As a museum, there are some notable collections in the Third Courtyard Area. The Dormitory of the Expeditionary Force now houses a collection of imperial garments, including robes, kaftans, uniforms, and talismanic shirts. The latter were made to protect the wearer from all sorts of ill fortune, and were understandably popular items in the realm of a distrustful Sultan.
The Sacred Safekeeping Rooms were very special to the court, and house relics of the Prophet Prophet Mohammed brought to Istanbul by Yavuz Sultan Selim I, after the Ottoman conquest of Egypt in 1517. The complex consists of a group of domed rooms, and the walls of the double-domed entry room are decorated with 16th century Iznik tiles.
The holy relics were once only on display to royal visitors for a short time during Ramadan, but appropriately dressed visitors may now visit them during their time at the museum. There are personal holy effects of the Prophet, including a letter in a gold case, soil from his grave, several hairs from his beard, his footprint and some of his extracted teeth.

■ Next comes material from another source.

(* Let $S(t,z)=\sum_\pi t^{|\pi|}z^{\mathrm{rmax}(\pi)}$ over all separable permutations, which equals (with $r=\sqrt{t^2-6t+1}$) $$S(t,z)=\frac{4\sqrt{\left(-\frac{1}{4}r-tz+\frac{t}{4}+\frac{5}{4}\right)^2+r-t-1}-r+4tz+t-3}{2(r-t-1)}.$$ Define $$E(t,z_1,z_2,z_3)=z_1z_2z_3t+\frac{(S(t,z_1)+1)(S(t,z_2)+1)(S(t,z_3)+1)\,t^2z_1^2z_2z_3}{(1-S(t,z_1)S(t,z_3))(1-S(t,z_1)S(t,z_2))},$$ $$A(z_2,z_3)=S(t,z_2)\left(z_3t+\frac{S(t,z_3)^2}{S(t,z_3)+1}\right),\qquad D=1-A(z_2,z_3)-tz_2z_3,$$ and $E=E(t,z_1,z_2,z_3)$. For an ordered triple $T=(\mathrm{stat}_1,\mathrm{stat}_2,\mathrm{stat}_3)$ write $G_T=\sum_\pi t^{|\pi|}z_1^{\mathrm{stat}_1(\pi)}z_2^{\mathrm{stat}_2(\pi)}z_3^{\mathrm{stat}_3(\pi)}$. Then: (i) for every $T\in\{(\mathrm{lmax},\mathrm{rmax},\mathrm{lmin}),(\mathrm{lmin},\mathrm{rmin},\mathrm{lmax}),(\mathrm{rmin},\mathrm{rmax},\mathrm{lmin}),(\mathrm{rmax},\mathrm{rmin},\mathrm{lmax})\}$, $G_T$ over all separable permutations equals $E/D$; (ii) for $T\in\{(\mathrm{lmax},\mathrm{rmax},\mathrm{lmin}),(\mathrm{rmin},\mathrm{rmax},\mathrm{lmin})\}$, $G_T$ over reducible separable permutations equals $E-z_1z_2z_3t$, and over irreducible separable permutations equals $$\frac{1}{D}\Bigl(z_1z_2z_3t+\bigl(A(z_2,z_3)+tz_2z_3\bigr)\bigl(E-z_1z_2z_3t\bigr)\Bigr);$$ (iii) for $T\in\{(\mathrm{lmin},\mathrm{rmin},\mathrm{lmax}),(\mathrm{rmax},\mathrm{rmin},\mathrm{lmax})\}$, $G_T$ over irreducible separable permutations equals $E$, and over reducible separable permutations equals $$-z_1z_2z_3t+\frac{1}{D}\Bigl(z_1z_2z_3t+\bigl(A(z_2,z_3)+tz_2z_3\bigr)\bigl(E-z_1z_2z_3t\bigr)\Bigr).$$
   Context: A permutation of length $n$ is a word $\pi=\pi_1\cdots\pi_n$ containing each element of $[n]$ exactly once; $|\pi|=n$. For $\pi$ of length $m$, $\sigma$ of length $n$: $\pi\oplus\sigma=\pi_1\cdots\pi_m(\sigma_1+m)\cdots(\sigma_n+m)$, $\pi\ominus\sigma=(\pi_1+n)\cdots(\pi_m+n)\sigma_1\cdots\sigma_n$. Separable permutations are those of length $\ge1$ obtained from $1$ by repeatedly applying $\oplus,\ominus$ (equivalently, avoiding $2413$ and $3142$). The permutation $1$ is irreducible; a permutation of length $n\ge2$ is irreducible if there is no $i$, $2\le i\le n$, such that every element of $\pi_1\cdots\pi_{i-1}$ is less than every element of $\pi_i\cdots\pi_n$; reducible means not irreducible (length $\ge2$). $\pi_i$ is a left-to-right maximum (minimum) if $\pi_i>\pi_j$ ($\pi_i<\pi_j$) for all $j<i$, a right-to-left maximum (minimum) if $\pi_i>\pi_j$ ($\pi_i<\pi_j$) for all $j>i$; $\mathrm{lmax},\mathrm{lmin},\mathrm{rmax},\mathrm{rmin}$ count these. Square roots are the branches giving formal power series in $t$. *)

theory Defs
  imports Complex_Main "HOL-Computational_Algebra.Formal_Power_Series"
begin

Also here is the mantle of the Prophet, two of his swords, and the Holy Standard that was carried into battle by Ottoman armies.
The Imperial Treasury holds items that were meant to convey every bit of the wealth and stature of the Sultan and his empire.
Treasures like this six-sided pendant of emerald belonging to Sultan Ahmet I. The body sits on a six pearl foot, with each of its six sides framed in gold. The cover is domed in a gold lattice, encrusted with diamonds and sapphires.
Or, this little turban embellishment from the 17th century plume-decorated with two five-centimeter emeralds in length, formed on a heavy gold pin. Its top is decorated with two more emeralds and a garnet stone, framed by diamond-encrusted gold leaves, and loops of pearl chains.
Another item that draws a crowd is the Topkapi Dagger, with three enormous emeralds on the hilt and a watch set into the pommel.
How about the Spoonmaker’s Diamond, a teardrop-shaped 86-carat chunk of gem surrounded by dozens of smaller stones from 1648?
Relax in the Fourth Courtyard
After becoming lightheaded at the treasures, visitors shouldn’t miss the Fourth Courtyard. It contains the Circumcision Room, with all its lovely mosaic wall art and tiles that date back to the 16th century, and various “kiosks” – which were designed as restful retreats.
The Yerevan Kiosk was a religious retreat for 40 days of solitude.
Expansive views of the sea, more fine examples of decorative Islamic religious icon mosaic, and a visit to the onsite restaurant provide a perfect end to your in-depth plunge into the lives of the sultans.